Уже днём, когда каменная тяжесть в груди исчезла без следа, вспоминая свой кошмар, он не мог понять, чего так боялся. Ничего такого страшного он не видел и не слышал, никто его не пугал, напротив – весь медицинский персонал инфекционной больницы относился к ребёнку с особым трепетом, ведь он был единственным маленьким пациентом. Что послужило причиной такого кошмара? Странным было ещё и то, что он, как ему казалось, не спал. Скорее – был абсолютно уверен в этом. Сильный страх – теперь его посетитель.
Этой ночью гость впервые дал о себе знать – пришёл и молча присел. Мальчик смотрел на освещённый бледным светом потолок и… боялся, очень боялся. Невидимая дрожь пронизывала каждый мускул тела, неподвижные глаза уставились в одну точку, а в голове раздавались собственные крики. Он отчаянно кричал, звал на помощь (гость вынуждал его, иначе – никак), но ни один мускул лица не дрогнул. Всё происходило лишь в его голове, в сознании, а тело, будто потеряв ведущие к мозгу ниточки, упрямо не желало слушаться ребёнка. Сколько продолжались эти пытки, мальчик не знал, но страшные муки, казалось, превратились в бесконечную вечность.
Он лежал и боялся. Голова раскалывалась от собственных воплей и незримого страха. Ему казалось, что голос вот-вот сорвётся и страх каким-то волшебным образом исчезнет, но всё тщетно – гость просто сидел и молчал. Крик, ещё крик и… в какой-то миг мальчик услышал слабый писк – это был его собственный и вполне реальный стон. Протяжный звук появился издалека, пробивая невидимую преграду и толкая посетителя вон. Нет же, ему не показалось, стон настоящий, как и… страх. До изнеможения напрягая все имеющиеся силы, ребёнок начал визжать сильнее: ещё чуток и вот-вот голова лопнет. Негромкий писк послышался снова, затем раздался громче, и в этот миг мальчик увидел на потолке чью-то тень.
– Этот мужик с двенадцатой меня точно с ума сведёт!

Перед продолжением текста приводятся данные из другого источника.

lemma snd_J_nth: "z \<in> W \<Longrightarrow> snd (J z q) $ j = (\<Sum>l\<in>UNIV. fst q $ l * tcoef J z l j)"
proof -
  assume z: "z \<in> W"
  have "J z (fst q, 0) = (\<Sum>l\<in>UNIV. fst q $ l *\<^sub>R J z (axis l 1, 0))"
    by (subst pair_zero_axis_expansion[of "fst q"])
       (simp only: linear_sum[OF linear_J[OF z]] linear_scale[OF linear_J[OF z]])
  moreover have "J z q = J z (fst q, 0)" by (rule J_cong[OF z]) simp
  ultimately show ?thesis by (simp add: snd_sum tcoef_def)
qed

lemma frechet_derivative_tcoef:
  "z \<in> W \<Longrightarrow>
     frechet_derivative (\<lambda>y. tcoef J y i j) (at z) v = snd (tensor_deriv J z v (axis i 1, 0)) $ j"
  unfolding tcoef_def
  by (rule frechet_derivative_bounded_linear_compose[OF has_derivative_J bounded_linear_snd_nth])

lemma lie_deriv_T_eq:
  assumes z: "z \<in> W" and X: "X differentiable (at z)"
  shows "lie_deriv_T \<rho> J X z = lie_deriv_at \<rho> J z (X z)"
proof -
  have "frechet_derivative (\<lambda>y. J y (X y)) (at z) =
      (\<lambda>v. J z (frechet_derivative X (at z) v) + tensor_deriv J z v (X z))"
    using frechet_derivative_at[OF has_derivative_J_apply[OF z X[unfolded frechet_derivative_works]]]
    by simp
  then show ?thesis
    by (simp add: lie_deriv_T_def lie_deriv_at_def lie_def linear_diff[OF linear_J[OF z]]
        algebra_simps)
qed

end

locale regular_field = adapted_structure +
  fixes \<rho> :: "('n::finite) cot \<Rightarrow> 'n cot"
  assumes regular: "J_regular W J \<rho>"
begin

lemma rho_differentiable: "z \<in> W \<Longrightarrow> \<rho> differentiable (at z)"
  using regular smooth_on_differentiable unfolding J_regular_def by blast

lemma linear_deriv_rho: "z \<in> W \<Longrightarrow> linear (frechet_derivative \<rho> (at z))"
  using rho_differentiable linear_frechet_derivative by blast

lemma J_deriv_rho_J: "z \<in> W \<Longrightarrow> J z (frechet_derivative \<rho> (at z) (J z w)) = J z w"
proof -
  assume z: "z \<in> W"
  have "J z (lie \<rho> (\<lambda>y. J y w) z) = - J z w"
    using regular smooth_on_const[of W w] z unfolding J_regular_def by blast
  moreover have "frechet_derivative (\<lambda>y. J y w) (at z) = (\<lambda>v. tensor_deriv J z v w)"
    using frechet_derivative_at[OF has_derivative_J[OF z]] by simp
  moreover have "J z (tensor_deriv J z (\<rho> z) w) = 0"
    using J_eq_0_iff z by simp
  ultimately show ?thesis
    by (simp add: lie_def linear_diff[OF linear_J[OF z]])
qed

lemma fst_deriv_rho_J: "z \<in> W \<Longrightarrow> fst (frechet_derivative \<rho> (at z) (J z w)) = fst w"
  using J_eq_0_iff[of z "frechet_derivative \<rho> (at z) (J z w) - w"] J_deriv_rho_J
    linear_diff[OF linear_J] by simp

lemma J_deriv_rho_vertical: "z \<in> W \<Longrightarrow> fst q = 0 \<Longrightarrow> J z (frechet_derivative \<rho> (at z) q) = q"
  using vertical_in_range_J J_deriv_rho_J by metis

lemma J_lie_vertical_field:
  assumes z: "z \<in> W" and Y: "Y differentiable (at z)"
    and vert: "\<And>y. y \<in> W \<Longrightarrow> fst (Y y) = 0"
  shows "J z (lie \<rho> Y z) = - Y z"
proof -
  have DY: "(Y has_derivative frechet_derivative Y (at z)) (at z)"
    using Y frechet_derivative_works by blast
  have "(\<lambda>v. fst (frechet_derivative Y (at z) v)) = (\<lambda>_. 0)"
    by (rule has_derivative_const_within_open[OF has_derivative_fst[OF DY] open_W z vert])
  then have "J z (frechet_derivative Y (at z) (\<rho> z)) = 0"
    using J_eq_0_iff[OF z] by metis
  then show ?thesis
    using J_deriv_rho_vertical[OF z vert[OF z]]
    by (simp add: lie_def linear_diff[OF linear_J[OF z]])
qed

lemma linear_lie_deriv_at: "z \<in> W \<Longrightarrow> linear (lie_deriv_at \<rho> J z)"
  unfolding lie_deriv_at_def
  by (intro linear_compose_add linear_compose_sub linear_tensor_deriv_J
      linear_compose[OF linear_J linear_deriv_rho, unfolded o_def]
      linear_compose[OF linear_deriv_rho linear_J, unfolded o_def])

lemma fst_lie_deriv_at: "z \<in> W \<Longrightarrow> fst (lie_deriv_at \<rho> J z w) = - fst w"
  by (simp add: lie_deriv_at_def fst_deriv_rho_J)

lemma lie_deriv_at_vertical: "z \<in> W \<Longrightarrow> fst w = 0 \<Longrightarrow> lie_deriv_at \<rho> J z w = w"
  by (simp add: lie_deriv_at_def tensor_deriv_J_vertical J_vertical J_deriv_rho_vertical
      linear_0[OF linear_deriv_rho])

lemma hproj_lie_deriv_at: "z \<in> W \<Longrightarrow> hproj N z (lie_deriv_at \<rho> J z w) = - hproj N z w"
  using hproj_cong[of "lie_deriv_at \<rho> J z w" "- w"] fst_lie_deriv_at linear_neg[OF linear_hproj]
  by simp
lemma sum3_diagonals:
  fixes r c d :: real
  assumes "finite I"
  shows "(\<Sum>x\<in>I. \<Sum>y\<in>I. \<Sum>z\<in>I. r ^ 6 + (if x = y then c else 0) + (if y = z then c else 0)
      + (if x = z then c else 0) + (if x = y \<and> y = z then d else 0))
    = real (card I) ^ 3 * r ^ 6 + 3 * real (card I) ^ 2 * c + real (card I) * d"
proof -
  let ?n = "real (card I)"
  have "(\<Sum>z\<in>I. if x = y \<and> y = z then d else 0) = (if x = y then d else 0)" if "y \<in> I" for x y
    using assms that by (cases "x = y") auto
  then have s4: "(\<Sum>x\<in>I. \<Sum>y\<in>I. \<Sum>z\<in>I. if x = y \<and> y = z then d else 0) = ?n * d"
    using assms by simp
  have "(\<Sum>x\<in>I. \<Sum>y\<in>I. \<Sum>z\<in>I. if x = y then c else 0) = ?n ^ 2 * c"
    using assms by (simp add: power2_eq_square sum_distrib_left[symmetric])
  moreover have "(\<Sum>x\<in>I. \<Sum>y\<in>I. \<Sum>z\<in>I. if y = z then c else 0) = ?n ^ 2 * c"
    using assms by (simp add: power2_eq_square)
  moreover have "(\<Sum>x\<in>I. \<Sum>y\<in>I. \<Sum>z\<in>I. if x = z then c else 0) = ?n ^ 2 * c"
    using assms by (simp add: power2_eq_square)
  moreover have "(\<Sum>x\<in>I. \<Sum>y\<in>I. \<Sum>z\<in>I. r ^ 6) = ?n ^ 3 * r ^ 6"
    by (simp add: power3_eq_cube)
  ultimately show ?thesis
    using s4 by (simp only: sum.distrib)
qed

lemma meeting_triples_subset_rings_boxes:
  "meeting_triples K P \<subseteq> (\<Union>x\<in>{1..P}. \<Union>y\<in>{1..P}. \<Union>z\<in>{1..P}. rings_box K P {x, z} {x, y} {y, z})"
proof
  fix t assume "t \<in> meeting_triples K P"
  then obtain A B C where t: "t = (A, B, C)" and R: "A \<in> key_rings K P" "B \<in> key_rings K P" "C \<in> key_rings K P"
    and "A \<inter> B \<noteq> {}" "B \<inter> C \<noteq> {}" "A \<inter> C \<noteq> {}"
    unfolding meeting_triples_def by auto
  then obtain x y z where "x \<in> A \<inter> B" "y \<in> B \<inter> C" "z \<in> A \<inter> C" by blast
  moreover have "A \<subseteq> {1..P}" "B \<subseteq> {1..P}" "C \<subseteq> {1..P}" using R unfolding key_rings_def by auto
  ultimately show "t \<in> (\<Union>x\<in>{1..P}. \<Union>y\<in>{1..P}. \<Union>z\<in>{1..P}. rings_box K P {x, z} {x, y} {y, z})"
    using R unfolding t rings_box_def by blast
qed

lemma meet_prob_le:
  assumes "1 \<le> K" "K \<le> P"
  shows "meet_prob K P \<le> real K ^ 3 / real P ^ 2 + real K ^ 6 / real P ^ 3 + 3 * real K ^ 5 / real P ^ 3"
proof -
  let ?I = "{1..P}" and ?N = "real (P choose K)" and ?r = "real K / real P"
  let ?B = "\<lambda>x y z. rings_box K P {x, z} {x, y} {y, z}"
  let ?w = "\<lambda>x y z. ?r ^ 6 + (if x = y then ?r ^ 5 else 0) + (if y = z then ?r ^ 5 else 0)
      + (if x = z then ?r ^ 5 else 0) + (if x = y \<and> y = z then ?r ^ 3 else 0)"
  have "card (meeting_triples K P) \<le> card (\<Union>x\<in>?I. \<Union>y\<in>?I. \<Union>z\<in>?I. ?B x y z)"
    by (intro card_mono meeting_triples_subset_rings_boxes) (simp add: finite_rings_box)
  also have "\<dots> \<le> (\<Sum>x\<in>?I. \<Sum>y\<in>?I. \<Sum>z\<in>?I. card (?B x y z))"
    by (intro card_UN_le[THEN order_trans] sum_mono) simp_all
  finally have "real (card (meeting_triples K P)) \<le> (\<Sum>x\<in>?I. \<Sum>y\<in>?I. \<Sum>z\<in>?I. real (card (?B x y z)))"
    by (metis (no_types, lifting) of_nat_le_iff of_nat_sum sum.cong)
  also have "\<dots> \<le> (\<Sum>x\<in>?I. \<Sum>y\<in>?I. \<Sum>z\<in>?I. ?N ^ 3 * ?w x y z)"
  proof (intro sum_mono)
    fix x y z assume "x \<in> ?I" "y \<in> ?I" "z \<in> ?I"
    then have "real (card (?B x y z)) \<le> ?N ^ 3 * ?r ^ (card {x, z} + card {x, y} + card {y, z})"
      using assms by (intro card_rings_box_le) auto
    also have "\<dots> \<le> ?N ^ 3 * ?w x y z"
      by (intro mult_left_mono power_card_pairs_le) simp_all
    finally show "real (card (?B x y z)) \<le> ?N ^ 3 * ?w x y z" .
  qed
  also have "\<dots> = ?N ^ 3 * (real P ^ 3 * ?r ^ 6 + 3 * real P ^ 2 * ?r ^ 5 + real P * ?r ^ 3)"
    by (simp add: sum_distrib_left[symmetric] sum3_diagonals)
  finally have "meet_prob K P \<le> real P ^ 3 * ?r ^ 6 + 3 * real P ^ 2 * ?r ^ 5 + real P * ?r ^ 3"
    unfolding meet_prob_def card_key_rings using assms by (simp add: field_simps)
  also have "\<dots> = real K ^ 3 / real P ^ 2 + real K ^ 6 / real P ^ 3 + 3 * real K ^ 5 / real P ^ 3"
    using assms by (simp add: power_divide field_simps eval_nat_numeral)
  finally show ?thesis .
qed

section \<open>Lower bound on the probability of a triangle\<close>

lemma real_card_UN_le:
  "finite W \<Longrightarrow> real (card (\<Union>w\<in>W. F w)) \<le> (\<Sum>w\<in>W. real (card (F w)))"
  by (metis card_UN_le of_nat_le_iff of_nat_sum)

lemma card_le_card_Un:
  "X \<subseteq> Z \<union> U \<Longrightarrow> finite Z \<Longrightarrow> finite U \<Longrightarrow> card X \<le> card Z + card U"
  by (meson card_Un_le card_mono finite_UnI order_trans)

definition common_key_triples :: "nat \<Rightarrow> nat \<Rightarrow> nat \<Rightarrow> (nat set \<times> nat set \<times> nat set) set" where
  "common_key_triples K P x = {(A, B, C). A \<in> key_rings K P \<and> B \<in> key_rings K P \<and> C \<in> key_rings K P \<and>
      A \<inter> B \<inter> C = {x}}"

definition distinct_meet_triples ::
    "nat \<Rightarrow> nat \<Rightarrow> nat \<times> nat \<times> nat \<Rightarrow> (nat set \<times> nat set \<times> nat set) set" where
  "distinct_meet_triples K P t = (case t of (x, y, z) \<Rightarrow>
      {(A, B, C). A \<in> key_rings K P \<and> B \<in> key_rings K P \<and> C \<in> key_rings K P \<and>
        A \<inter> B = {x} \<and> B \<inter> C = {y} \<and> A \<inter> C = {z}})"

definition distinct_keys3 :: "nat \<Rightarrow> (nat \<times> nat \<times> nat) set" where
  "distinct_keys3 P = {(x, y, z). x \<in> {1..P} \<and> y \<in> {1..P} \<and> z \<in> {1..P} \<and> x \<noteq> y \<and> y \<noteq> z \<and> x \<noteq> z}"

lemma finite_key_triples: "finite (key_rings K P \<times> key_rings K P \<times> key_rings K P)"
  using finite_key_rings by blast

lemma finite_common_key_triples: "finite (common_key_triples K P x)"
  by (rule finite_subset[OF _ finite_key_triples]) (auto simp: common_key_triples_def)

lemma finite_distinct_meet_triples: "finite (distinct_meet_triples K P t)"
  by (rule finite_subset[OF _ finite_key_triples]) (auto simp: distinct_meet_triples_def split: prod.splits)

lemma finite_distinct_keys3: "finite (distinct_keys3 P)"
  by (rule finite_subset[of _ "{1..P} \<times> {1..P} \<times> {1..P}"]) (auto simp: distinct_keys3_def)

lemma card_distinct_keys3_le: "card (distinct_keys3 P) \<le> P ^ 3"
proof -
  have "card (distinct_keys3 P) \<le> card ({1..P} \<times> {1..P} \<times> {1..P})"
    by (rule card_mono) (auto simp: distinct_keys3_def)
  then show ?thesis by (simp add: card_cartesian_product power3_eq_cube)
qed

lemma card_distinct_keys3_ge: "P ^ 3 \<le> card (distinct_keys3 P) + 3 * P ^ 2"
proof -
  let ?I = "{1..P::nat}"
  let ?D1 = "(\<lambda>(x, z). (x, x, z)) ` (?I \<times> ?I)" and ?D2 = "(\<lambda>(x, y). (x, y, y)) ` (?I \<times> ?I)"
    and ?D3 = "(\<lambda>(x, y). (x, y, x)) ` (?I \<times> ?I)"
  let ?D = "?D1 \<union> ?D2 \<union> ?D3"
  have D: "card (f ` (?I \<times> ?I)) \<le> P ^ 2" for f :: "nat \<times> nat \<Rightarrow> nat \<times> nat \<times> nat"
    using card_image_le[of "?I \<times> ?I" f] by (simp add: card_cartesian_product power2_eq_square)
  have "card ?D \<le> card ?D1 + card ?D2 + card ?D3"
    by (meson add_right_mono card_Un_le order_trans)
  also have "\<dots> \<le> P ^ 2 + P ^ 2 + P ^ 2"
    by (intro add_mono D)
  finally have "card ?D \<le> 3 * P ^ 2" by simp
  moreover have "card (?I \<times> ?I \<times> ?I) \<le> card (distinct_keys3 P) + card ?D"
    by (rule card_le_card_Un[OF _ finite_distinct_keys3]) (auto simp: distinct_keys3_def)
  ultimately show ?thesis by (simp add: card_cartesian_product power3_eq_cube)
qed

lemma card_common_key_triples_ge:
  assumes x: "x \<in> {1..P}" and KP: "1 \<le> K" "K \<le> P"
  shows "real (P choose K) ^ 3 * (real K / real P) ^ 3 - real P * (real (P choose K) ^ 3 * (real K / real P) ^ 6)
           \<le> real (card (common_key_triples K P x))"
proof -
  let ?I = "{1..P}" and ?N = "real (P choose K)" and ?r = "real K / real P"
  let ?U = "\<Union>w\<in>?I - {x}. rings_box K P {x, w} {x, w} {x, w}"
  have "rings_box K P {x} {x} {x} \<subseteq> common_key_triples K P x \<union> ?U"
  proof
    fix t assume t: "t \<in> rings_box K P {x} {x} {x}"
    then obtain A B C where ABC: "t = (A, B, C)" "A \<in> key_rings K P" "B \<in> key_rings K P" "C \<in> key_rings K P"
      "x \<in> A \<inter> B \<inter> C"
      unfolding rings_box_def by auto
    show "t \<in> common_key_triples K P x \<union> ?U"
    proof (cases "A \<inter> B \<inter> C = {x}")
      case True
      then show ?thesis using ABC unfolding common_key_triples_def by auto
    next
      case False
      then obtain w where "w \<in> A \<inter> B \<inter> C" "w \<noteq> x" using ABC(5) by blast
      moreover have "w \<in> ?I" using \<open>w \<in> A \<inter> B \<inter> C\<close> ABC(2) unfolding key_rings_def by auto
      ultimately show ?thesis using ABC unfolding rings_box_def by blast
    qed
  qed
  then have "card (rings_box K P {x} {x} {x}) \<le> card (common_key_triples K P x) + card ?U"
    by (rule card_le_card_Un) (simp_all add: finite_common_key_triples finite_rings_box)
  moreover have "real (card (rings_box K P {x} {x} {x})) = ?N ^ 3 * ?r ^ 3"
    using rings_containing_singleton[OF x KP] by (simp add: card_rings_box power3_eq_cube)
  moreover have "real (card ?U) \<le> real P * (?N ^ 3 * ?r ^ 6)"
  proof -
    have "real (card ?U) \<le> (\<Sum>w\<in>?I - {x}. real (card (rings_box K P {x, w} {x, w} {x, w})))"
      by (rule real_card_UN_le) simp
    also have "\<dots> \<le> (\<Sum>w\<in>?I - {x}. ?N ^ 3 * ?r ^ 6)"
    proof (rule sum_mono)
      fix w assume w: "w \<in> ?I - {x}"
      then have "real (card (rings_box K P {x, w} {x, w} {x, w}))
          \<le> ?N ^ 3 * ?r ^ (card {x, w} + card {x, w} + card {x, w})"
        using x KP by (intro card_rings_box_le) auto
      also have "card {x, w} + card {x, w} + card {x, w} = 6" using w by simp
      finally show "real (card (rings_box K P {x, w} {x, w} {x, w})) \<le> ?N ^ 3 * ?r ^ 6" .
    qed
    also have "\<dots> \<le> real P * (?N ^ 3 * ?r ^ 6)"
      using x by (simp add: mult_right_mono)
    finally show ?thesis .
  qed
  ultimately show ?thesis by linarith
qed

– Что, опять просил градусник?
– Да, блин! Задолбал уже. Светочка, мне надо померить температуру! Светочка, мне как-то нехорошо! Светочка, дайте мне таблетку от головы. Он издевается! – чуть не уронив чашку горячего чая, возмущалась медсестра.
– Просто он к тебе неровно дышит, – раскручивая воронку в стакане, рассуждала её коллега Динка.
– Да мне насрать. Я этот градусник в следующий раз ему в задницу засуну, и пусть каждые пять минут смотрит на него, как на часы, и сверяет температуру! – раздражалась Светлана.
– Точно, и слабительного ему дай, – улыбнулась Дина.
– Почему всегда так: какой-нибудь больной мужик требует к себе излишнего внимания? Почему все не могут быть нормальными?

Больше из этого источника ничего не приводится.